Finding install and configuration information

I’m trying to get install information (i.e. directory, OS, ports, server name, etc) from within a service. Is there any way I can do this? I need to do different things based on “environmental” information and I’d rather not have multiple versions of packages depending on environment.

My approach to this is to give each installation a unique name. This name is stored in a small java class that is saved to $IS_HOME/lib/classes/au/com/yourCompany/webMethods:

package au.com.yourCompany.webMethods;

public class InstanceConstants
{
        public static String getInstanceName() {
                return "unique instance name";
        }
}

Make the return string different for each webMethods environment.

Compile it with this command:

javac InstanceConstants.java

Inside Developer, create a wrapper java service like this:

IDataCursor idc = pipeline.getCursor();

try {
	IDataUtil.put(idc, "instanceName", InstanceConstants.getInstanceName());
} 
catch (Exception e) {
	throw new ServiceException("Exception in service " + getServiceEntry().toString() + "\n" + e);
}
finally {
	idc.destroy();
}

Add this to the Extends field on the shared tab:

com.wm.app.b2b.server.Service

And this to the Imports list:

au.com.yourCompany.webMethods.InstanceConstants

This instance name can be accessed by flow services or by java code directly.

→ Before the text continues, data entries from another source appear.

lemma radius_minus_dist_le_bdist:
  fixes \<Omega> :: "'a::euclidean_space set"
  assumes "open \<Omega>" "\<Omega> \<noteq> UNIV" "ball x \<rho> \<subseteq> \<Omega>" "z \<in> ball x \<rho>"
  shows "\<rho> - dist x z \<le> bdist \<Omega> z"
proof -
  have "dist x z < \<rho>" using assms(4) by simp
  then have "0 < \<rho>" using zero_le_dist[of x z] by linarith
  then have "x \<in> \<Omega>" using assms(3) by auto
  then have "\<rho> \<le> bdist \<Omega> x" using ball_subset_iff_le_bdist assms by blast
  then show ?thesis using infdist_triangle[of x "frontier \<Omega>" z] by (simp add: bdist_def)
qed

lemma open_other_point:
  fixes S :: "'a::perfect_space set"
  assumes "open S" "x \<in> S"
  obtains y where "y \<in> S" "y \<noteq> x"
proof -
  have "S \<noteq> {x}" using assms(1) not_open_singleton by metis
  then show ?thesis using that assms(2) by blast
qed

lemma ereal_le_mult_if_real_bounds:
  fixes P Q :: ereal
  assumes "0 < K" "\<And>M. Q \<le> ereal M \<Longrightarrow> P \<le> ereal (K * M)"
  shows "P \<le> ereal K * Q"
proof (cases Q)
  case (real M)
  then have "P \<le> ereal (K * M)" by (intro assms(2)) simp
  then show ?thesis using real by simp
next
  case PInf
  then show ?thesis using assms(1) by simp
next
  case MInf
  have "P \<le> ereal B" for B
  proof -
    have "Q \<le> ereal (B / K)" using MInf by simp
    then have "P \<le> ereal (K * (B / K))" by (rule assms(2))
    then show ?thesis using assms(1) by simp
  qed
  then have "P = -\<infinity>" by (rule ereal_bot)
  then show ?thesis by simp
qed

lemma ereal_inverse_mult_le:
  fixes P Q :: ereal
  assumes "0 < K" "P \<le> ereal K * Q"
  shows "ereal (1 / K) * P \<le> Q"
proof -
  have "ereal (1 / K) * P \<le> ereal (1 / K) * (ereal K * Q)"
    using assms by (intro ereal_mult_left_mono) auto
  also have "\<dots> = (ereal (1 / K) * ereal K) * Q" by (rule mult.assoc[symmetric])
  also have "\<dots> = Q" using assms(1) by simp
  finally show ?thesis .
qed

lemma ereal_mult_SUP_le:
  fixes a b :: real and f :: "'i \<Rightarrow> real"
  assumes "0 < a" "\<And>i. i \<in> I \<Longrightarrow> a * f i \<le> b"
  shows "ereal a * (SUP i\<in>I. ereal (f i)) \<le> ereal b"
proof -
  have "(SUP i\<in>I. ereal (f i)) \<le> ereal (b / a)"
    using assms by (intro SUP_least) (simp add: pos_le_divide_eq mult.commute)
  then have "ereal a * (SUP i\<in>I. ereal (f i)) \<le> ereal a * ereal (b / a)"
    using assms by (intro ereal_mult_left_mono) auto
  also have "\<dots> = ereal b" using assms by simp
  finally show ?thesis .
qed

lemma supnorm_ge: "z \<in> U \<Longrightarrow> ereal \<bar>u z\<bar> \<le> supnorm U u"
  unfolding supnorm_def by (rule SUP_upper2) auto

lemma Lsemi_ge:
  "y \<in> U \<Longrightarrow> z \<in> U \<Longrightarrow> y \<noteq> z \<Longrightarrow>
    ereal (\<bar>u y - u z\<bar> / ell (dist y z) powr \<alpha>) \<le> Lsemi \<alpha> U u"
  unfolding Lsemi_def by (rule SUP_upper2[where i="(y, z)"]) auto

lemma Lsemi_w_ge:
  "y \<in> U \<Longrightarrow> z \<in> U \<Longrightarrow> y \<noteq> z \<Longrightarrow>
    ereal (ell (min (bdist U y) (bdist U z)) powr (\<alpha> + \<beta>) * \<bar>u y - u z\<bar> / ell (dist y z) powr \<alpha>)
      \<le> Lsemi_w \<alpha> \<beta> U u"
  unfolding Lsemi_w_def by (rule SUP_upper2[where i="(y, z)"]) auto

Now here’s the clever part.

Inside your package, in the config folder, create one folder for each of your environments, using the different instance names you have assigned. Inside these folders put properties files with configuration required by your applications. Now write another java service that will read these properties files, constructing the path to the file like this:

String applicationHomePath = ServerAPI.getPackageConfigDir(packageName).getCanonicalPath();
String instanceName = InstanceConstants.getInstanceName();
String propertiesPath = applicationHomePath + File.separator + instanceName + File.separator + “the name of your properties file.properties”;

properties = new Properties();
if (new File(propertiesPath.trim()).exists() == true) {
	try {
		InputStream input = new BufferedInputStream(new FileInputStream(propertiesPath));
		properties.load(input);
		input.close();
	}
	catch (Exception e) {
		throw new Exception("Exception reading properties file: " + propsFiles[i] + "\n" + e);
	}
}

The values of the properties can then be retrieved with calls like this:
String value = properties.getProperty(“property name”);

In this way, your packages will automatically read in different configuration depending on which installation of webMethods they are running on.

I hope that makes some kind of sense.

This thread has several ways it can go.

From what you originally asked, there are a few options. Several of those values you can get from internal services. If they are not available that way, you should make use of System.getProperty(“property”) function to query the java ‘property’.